## Problem to solve:
An exact copy is needed of the lines from the line holding "by (induction xs arbitrary: S) simp_all" through the final line of the listing below, both included.

*** Task input ***

text \<open>Between complete DFAs, a merge \<open>\<Psi>\<close> commutes with reachability: the states reachable
  from \<open>\<Psi> q\<close> are exactly the images of those reachable from \<open>q\<close>. Hence \<open>\<Psi>\<close> maps the unique
  closed class \<open>C\<close> onto a closed class; since every state reaches \<open>C\<close>, every state of the
  quotient reaches \<open>\<Psi> ` C\<close>, which is therefore the only closed class. A cyclic partition of
  \<open>\<Psi> ` C\<close> pulls back along \<open>\<Psi>\<close> to a cyclic partition of \<open>C\<close>, so aperiodicity is inherited.
  Removing unreachable states keeps \<open>C\<close> for the same reason.\<close>

lemma steps_mono: "S \<subseteq> T \<Longrightarrow> steps X S xs \<subseteq> steps X T xs"
proof (induction xs arbitrary: S T)
  case (Cons x xs)
  then have "(\<Union>q\<in>S. trans X q x) \<subseteq> (\<Union>q\<in>T. trans X q x)" by blast
  then show ?case using Cons.IH by simp
qed simp

lemma steps_append: "steps X S (xs @ ys) = steps X (steps X S xs) ys"
  by (induction xs arbitrary: S) auto

lemma steps_UN: "steps X S xs = (\<Union>q\<in>S. steps X {q} xs)"
proof (induction xs arbitrary: S)
  case (Cons x xs)
  have "steps X S (x # xs) = (\<Union>r\<in>(\<Union>q\<in>S. trans X q x). steps X {r} xs)"
    by (simp only: steps.simps(2)) (rule Cons.IH)
  also have "\<dots> = (\<Union>q\<in>S. steps X {q} (x # xs))"
    by (simp add: Cons.IH[of "trans X _ x"])
  finally show ?case .
qed simp

lemma steps_states_update [simp]: "steps (X\<lparr>states := T\<rparr>) = steps X"
proof (intro ext)
  show "steps (X\<lparr>states := T\<rparr>) S xs = steps X S xs" for S xs
    by (induction xs arbitrary: S) simp_all
qed

lemma tau_star_states_update [simp]: "tau_star (X\<lparr>states := T\<rparr>) = tau_star X"
  by (simp add: tau_star_def fun_eq_iff)

lemma tau1_states_update [simp]: "tau1 (X\<lparr>states := T\<rparr>) = tau1 X"
  by (simp add: tau1_def fun_eq_iff)

lemma subset_tau_star: "S \<subseteq> tau_star X S"
  unfolding tau_star_def by (metis UN_upper lists.Nil steps.simps(1))

lemma tau_star_mono: "S \<subseteq> T \<Longrightarrow> tau_star X S \<subseteq> tau_star X T"
  unfolding tau_star_def using steps_mono by (metis SUP_mono)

***

## Solution to the exercise:
    by (induction xs arbitrary: S) simp_all
qed

lemma tau_star_states_update [simp]: "tau_star (X\<lparr>states := T\<rparr>) = tau_star X"
  by (simp add: tau_star_def fun_eq_iff)

lemma tau1_states_update [simp]: "tau1 (X\<lparr>states := T\<rparr>) = tau1 X"
  by (simp add: tau1_def fun_eq_iff)

lemma subset_tau_star: "S \<subseteq> tau_star X S"
  unfolding tau_star_def by (metis UN_upper lists.Nil steps.simps(1))

lemma tau_star_mono: "S \<subseteq> T \<Longrightarrow> tau_star X S \<subseteq> tau_star X T"
  unfolding tau_star_def using steps_mono by (metis SUP_mono)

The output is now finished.